↓↓↓
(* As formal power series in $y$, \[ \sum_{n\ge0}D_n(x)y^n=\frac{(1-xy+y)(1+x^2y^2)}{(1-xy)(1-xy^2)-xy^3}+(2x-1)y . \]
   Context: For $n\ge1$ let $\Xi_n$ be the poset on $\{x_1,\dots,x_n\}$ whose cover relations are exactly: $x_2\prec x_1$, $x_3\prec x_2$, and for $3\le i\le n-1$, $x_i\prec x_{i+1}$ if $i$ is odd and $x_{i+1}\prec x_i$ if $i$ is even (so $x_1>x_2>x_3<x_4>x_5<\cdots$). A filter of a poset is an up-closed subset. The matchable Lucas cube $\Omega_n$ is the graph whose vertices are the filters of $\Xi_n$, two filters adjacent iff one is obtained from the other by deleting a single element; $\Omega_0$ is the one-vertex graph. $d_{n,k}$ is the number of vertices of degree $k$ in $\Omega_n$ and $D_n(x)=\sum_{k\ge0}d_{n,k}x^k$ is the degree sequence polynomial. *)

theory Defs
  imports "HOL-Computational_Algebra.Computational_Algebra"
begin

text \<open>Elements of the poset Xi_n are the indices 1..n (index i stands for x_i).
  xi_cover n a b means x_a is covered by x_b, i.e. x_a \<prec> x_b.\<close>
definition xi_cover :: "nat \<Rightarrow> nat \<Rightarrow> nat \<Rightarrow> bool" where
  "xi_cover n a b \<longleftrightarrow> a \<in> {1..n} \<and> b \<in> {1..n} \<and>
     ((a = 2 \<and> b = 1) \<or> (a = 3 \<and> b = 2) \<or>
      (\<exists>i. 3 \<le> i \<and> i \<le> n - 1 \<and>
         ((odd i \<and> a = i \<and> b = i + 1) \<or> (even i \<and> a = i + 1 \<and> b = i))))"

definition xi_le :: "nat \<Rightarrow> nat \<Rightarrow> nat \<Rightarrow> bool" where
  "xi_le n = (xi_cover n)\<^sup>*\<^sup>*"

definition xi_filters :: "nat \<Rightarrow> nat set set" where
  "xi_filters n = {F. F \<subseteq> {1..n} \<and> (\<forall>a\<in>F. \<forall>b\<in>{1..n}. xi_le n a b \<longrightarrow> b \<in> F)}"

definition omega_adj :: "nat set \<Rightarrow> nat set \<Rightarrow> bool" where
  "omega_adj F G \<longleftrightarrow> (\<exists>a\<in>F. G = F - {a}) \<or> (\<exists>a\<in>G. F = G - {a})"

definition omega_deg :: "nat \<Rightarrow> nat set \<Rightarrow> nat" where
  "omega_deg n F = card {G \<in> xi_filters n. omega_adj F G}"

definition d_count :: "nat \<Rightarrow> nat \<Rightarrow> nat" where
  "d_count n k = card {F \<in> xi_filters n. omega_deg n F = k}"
↑↑↑
**Task instructions:** Write out the records again, exactly as given.

**Exercise solution:**
(* As formal power series in $y$, \[ \sum_{n\ge0}D_n(x)y^n=\frac{(1-xy+y)(1+x^2y^2)}{(1-xy)(1-xy^2)-xy^3}+(2x-1)y . \]
   Context: For $n\ge1$ let $\Xi_n$ be the poset on $\{x_1,\dots,x_n\}$ whose cover relations are exactly: $x_2\prec x_1$, $x_3\prec x_2$, and for $3\le i\le n-1$, $x_i\prec x_{i+1}$ if $i$ is odd and $x_{i+1}\prec x_i$ if $i$ is even (so $x_1>x_2>x_3<x_4>x_5<\cdots$). A filter of a poset is an up-closed subset. The matchable Lucas cube $\Omega_n$ is the graph whose vertices are the filters of $\Xi_n$, two filters adjacent iff one is obtained from the other by deleting a single element; $\Omega_0$ is the one-vertex graph. $d_{n,k}$ is the number of vertices of degree $k$ in $\Omega_n$ and $D_n(x)=\sum_{k\ge0}d_{n,k}x^k$ is the degree sequence polynomial. *)

theory Defs
  imports "HOL-Computational_Algebra.Computational_Algebra"
begin

text \<open>Elements of the poset Xi_n are the indices 1..n (index i stands for x_i).
  xi_cover n a b means x_a is covered by x_b, i.e. x_a \<prec> x_b.\<close>
definition xi_cover :: "nat \<Rightarrow> nat \<Rightarrow> nat \<Rightarrow> bool" where
  "xi_cover n a b \<longleftrightarrow> a \<in> {1..n} \<and> b \<in> {1..n} \<and>
     ((a = 2 \<and> b = 1) \<or> (a = 3 \<and> b = 2) \<or>
      (\<exists>i. 3 \<le> i \<and> i \<le> n - 1 \<and>
         ((odd i \<and> a = i \<and> b = i + 1) \<or> (even i \<and> a = i + 1 \<and> b = i))))"

definition xi_le :: "nat \<Rightarrow> nat \<Rightarrow> nat \<Rightarrow> bool" where
  "xi_le n = (xi_cover n)\<^sup>*\<^sup>*"

definition xi_filters :: "nat \<Rightarrow> nat set set" where
  "xi_filters n = {F. F \<subseteq> {1..n} \<and> (\<forall>a\<in>F. \<forall>b\<in>{1..n}. xi_le n a b \<longrightarrow> b \<in> F)}"

definition omega_adj :: "nat set \<Rightarrow> nat set \<Rightarrow> bool" where
  "omega_adj F G \<longleftrightarrow> (\<exists>a\<in>F. G = F - {a}) \<or> (\<exists>a\<in>G. F = G - {a})"

definition omega_deg :: "nat \<Rightarrow> nat set \<Rightarrow> nat" where
  "omega_deg n F = card {G \<in> xi_filters n. omega_adj F G}"

definition d_count :: "nat \<Rightarrow> nat \<Rightarrow> nat" where
  "d_count n k = card {F \<in> xi_filters n. omega_deg n F = k}"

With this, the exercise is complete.